I have a pandas dataframe Cellvoltage with multiple columns of float values. I'm trying to get the indices of all the values that equal the max value for every row.
So to achieve that, I am using the following code:
req_indices = np.argwhere(Cellvoltage.values == np.amax(Cellvoltage.values, axis=1).reshape(-1,1))
max_voltage_idx = [0]*len(req_indices)
for x,y in req_indices:
if max_voltage_idx[x] == 0:
max_voltage_idx[x] = [y]
else:
max_voltage_idx[x].append(y)
Cellvoltage['max_voltage_idx'] = pd.Series(max_voltage_idx).apply(np.array)
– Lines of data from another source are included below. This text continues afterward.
lemma feasible_set_if_modules_changed:
  assumes "p \<in> feasible_set P"
    and changed: "\<And>v. q v \<noteq> p v \<Longrightarrow> (\<exists>z l j n. v = YREC z l j n) \<or> (\<exists>z l k n. v = YCP z l k n)"
    and "capREC P q = capREC P p" and "capCP P q = capCP P p"
    and "\<forall>v. \<not> in_dom P v \<longrightarrow> q v = 0" and "\<forall>v. q v \<ge> 0"
    and "\<forall>z\<in>zones P. \<forall>l\<in>{1..nL P}. \<forall>j\<in>procJ P. \<forall>n\<in>{1..nREC P l}. q (YREC z l j n) \<le> uREC P"
    and "\<forall>z\<in>zones P. \<forall>l\<in>{1..nL P}. \<forall>k\<in>cpK P. \<forall>n\<in>{1..nCP P l k}. q (YCP z l k n) \<le> uCP P"
  shows "q \<in> feasible_set P"
proof -
  have same:
    "\<And>a b c d. q (XNMNB a b c d) = p (XNMNB a b c d)"
    "\<And>a b c d. q (XRMINV a b c d) = p (XRMINV a b c d)"
    "\<And>a b c d. q (XRMS a b c d) = p (XRMS a b c d)"
    "\<And>a b c d. q (XINV a b c d) = p (XINV a b c d)"
    "\<And>a b c d. q (XINVNB a b c d) = p (XINVNB a b c d)"
    "\<And>a b c d. q (XCPINV a b c d) = p (XCPINV a b c d)"
    "\<And>a b c d. q (XNMCP a b c d) = p (XNMCP a b c d)"
    "\<And>a b c d. q (XMCCP a b c d) = p (XMCCP a b c d)"
    "\<And>a b c d. q (XINVMC a b c d) = p (XINVMC a b c d)"
    "\<And>a b c d. q (XRB a b c d) = p (XRB a b c d)"
    "\<And>a b c d f. q (XRBRM a b c d f) = p (XRBRM a b c d f)"
    "\<And>a b c d f. q (XTRRM a b c d f) = p (XTRRM a b c d f)"
    "\<And>a b c d f. q (XTRRB a b c d f) = p (XTRRB a b c d f)"
    using changed by blast+
  have "production_constraints P p" "inventory_constraints P p" "capacity_constraints P p"
    using \<open>p \<in> feasible_set P\<close> unfolding feasible_set_def by auto
  then have "production_constraints P q" "inventory_constraints P q" "capacity_constraints P q"
    using assms(7,8) unfolding production_constraints_def inventory_constraints_def
      capacity_constraints_def same assms(3,4) by auto
  then show ?thesis
    using assms(5,6) unfolding feasible_set_def by blast
qed

lemma feasible_set_module_bounds:
  assumes "p \<in> feasible_set P"
  shows "\<forall>v. p v \<ge> 0"
    and "\<forall>z\<in>zones P. \<forall>l\<in>{1..nL P}. \<forall>j\<in>procJ P. \<forall>n\<in>{1..nREC P l}. p (YREC z l j n) \<le> uREC P"
    and "\<forall>z\<in>zones P. \<forall>l\<in>{1..nL P}. \<forall>k\<in>cpK P. \<forall>n\<in>{1..nCP P l k}. p (YCP z l k n) \<le> uCP P"
  using assms unfolding feasible_set_def capacity_constraints_def by auto

lemma feasible_set_transfer_YREC:
  assumes "p \<in> feasible_set P"
    and "z \<in> zones P" and "l \<in> {1..nL P}" and "j \<in> procJ P"
    and n: "n1 \<in> {1..nREC P l}" "n2 \<in> {1..nREC P l}" "n1 \<noteq> n2"
    and "0 \<le> p (YREC z l j n1) + d" "p (YREC z l j n1) + d \<le> uREC P"
    and "0 \<le> p (YREC z l j n2) - d" "p (YREC z l j n2) - d \<le> uREC P"
  shows "p(YREC z l j n1 := p (YREC z l j n1) + d, YREC z l j n2 := p (YREC z l j n2) - d)
         \<in> feasible_set P" (is "?q \<in> _")
proof (rule feasible_set_if_modules_changed[OF assms(1)])
  show "capREC P ?q = capREC P p"
  proof (intro ext)
    fix z' l' j'
    show "capREC P ?q z' l' j' = capREC P p z' l' j'"
    proof (cases "(z', l', j') = (z, l, j)")
      case True
      then show ?thesis
        using sum_comp_transfer[of "YREC z l j" n1 "{1..nREC P l}" n2 p d] n by (simp add: capREC_def inj_def)
    qed (auto simp: capREC_def)
  qed
  show "capCP P ?q = capCP P p"
    by (intro ext) (simp add: capCP_def)
  show "\<forall>v. \<not> in_dom P v \<longrightarrow> ?q v = 0"
    using assms(1-4) n unfolding feasible_set_def by auto
  show "\<forall>v. ?q v \<ge> 0"
    using feasible_set_module_bounds(1)[OF assms(1)] assms(8,10) by auto
  show "\<forall>z\<in>zones P. \<forall>l\<in>{1..nL P}. \<forall>j\<in>procJ P. \<forall>n\<in>{1..nREC P l}. ?q (YREC z l j n) \<le> uREC P"
    using feasible_set_module_bounds(2)[OF assms(1)] assms(9,11) by auto
  show "\<forall>z\<in>zones P. \<forall>l\<in>{1..nL P}. \<forall>k\<in>cpK P. \<forall>n\<in>{1..nCP P l k}. ?q (YCP z l k n) \<le> uCP P"
    using feasible_set_module_bounds(3)[OF assms(1)] by auto
qed auto

lemma feasible_set_transfer_YCP:
  assumes "p \<in> feasible_set P"
    and "z \<in> zones P" and "l \<in> {1..nL P}" and "k \<in> cpK P"
    and n: "n1 \<in> {1..nCP P l k}" "n2 \<in> {1..nCP P l k}" "n1 \<noteq> n2"
    and "0 \<le> p (YCP z l k n1) + d" "p (YCP z l k n1) + d \<le> uCP P"
    and "0 \<le> p (YCP z l k n2) - d" "p (YCP z l k n2) - d \<le> uCP P"
  shows "p(YCP z l k n1 := p (YCP z l k n1) + d, YCP z l k n2 := p (YCP z l k n2) - d)
         \<in> feasible_set P" (is "?q \<in> _")
proof (rule feasible_set_if_modules_changed[OF assms(1)])
  show "capCP P ?q = capCP P p"
  proof (intro ext)
    fix z' l' k'
    show "capCP P ?q z' l' k' = capCP P p z' l' k'"
    proof (cases "(z', l', k') = (z, l, k)")
      case True
      then show ?thesis
        using sum_comp_transfer[of "YCP z l k" n1 "{1..nCP P l k}" n2 p d] n by (simp add: capCP_def inj_def)
    qed (auto simp: capCP_def)
  qed
  show "capREC P ?q = capREC P p"
    by (intro ext) (simp add: capREC_def)
  show "\<forall>v. \<not> in_dom P v \<longrightarrow> ?q v = 0"
    using assms(1-4) n unfolding feasible_set_def by auto
  show "\<forall>v. ?q v \<ge> 0"
    using feasible_set_module_bounds(1)[OF assms(1)] assms(8,10) by auto
  show "\<forall>z\<in>zones P. \<forall>l\<in>{1..nL P}. \<forall>j\<in>procJ P. \<forall>n\<in>{1..nREC P l}. ?q (YREC z l j n) \<le> uREC P"
    using feasible_set_module_bounds(2)[OF assms(1)] by auto
  show "\<forall>z\<in>zones P. \<forall>l\<in>{1..nL P}. \<forall>k\<in>cpK P. \<forall>n\<in>{1..nCP P l k}. ?q (YCP z l k n) \<le> uCP P"
    using feasible_set_module_bounds(3)[OF assms(1)] assms(9,11) by auto
qed auto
Is there a better/faster way to achive the same goal?
CodePudding user response:
Use df.eq(df.max(axis=1), axis=0)
with where
to mask the non-max values, then stack
to remove the NaNs and get the index pairs.
out = df.where(df.eq(df.max(axis=1), axis=0)).stack().index.tolist()
Example input:
A B C D
0 1 2 3 3
1 4 1 1 4
Output:
[(0, 'C'), (0, 'D'), (1, 'A'), (1, 'D')]
If you want only the columns in a list as new column add a groupby.agg
step:
df['max_voltage_idx']= (df
.where(df.eq(df.max(axis=1), axis=0)).stack()
.reset_index(-1).iloc[:, 0]
.groupby(level=0).agg(list)
)
Output:
A B C D max_voltage_idx
0 1 2 3 3 [C, D]
1 4 1 1 4 [A, D]
CodePudding user response:
Another possible solution:
indices = np.where(df.values == np.amax(df.values, axis=1)[:, None])
list(zip(indices[0], df.columns.values[indices[1]]))
Output:
[(0, 'C'), (0, 'D'), (1, 'A'), (1, 'D')]
Input:
The same @mozway (to whom I thank) uses:
A B C D
0 1 2 3 3
1 4 1 1 4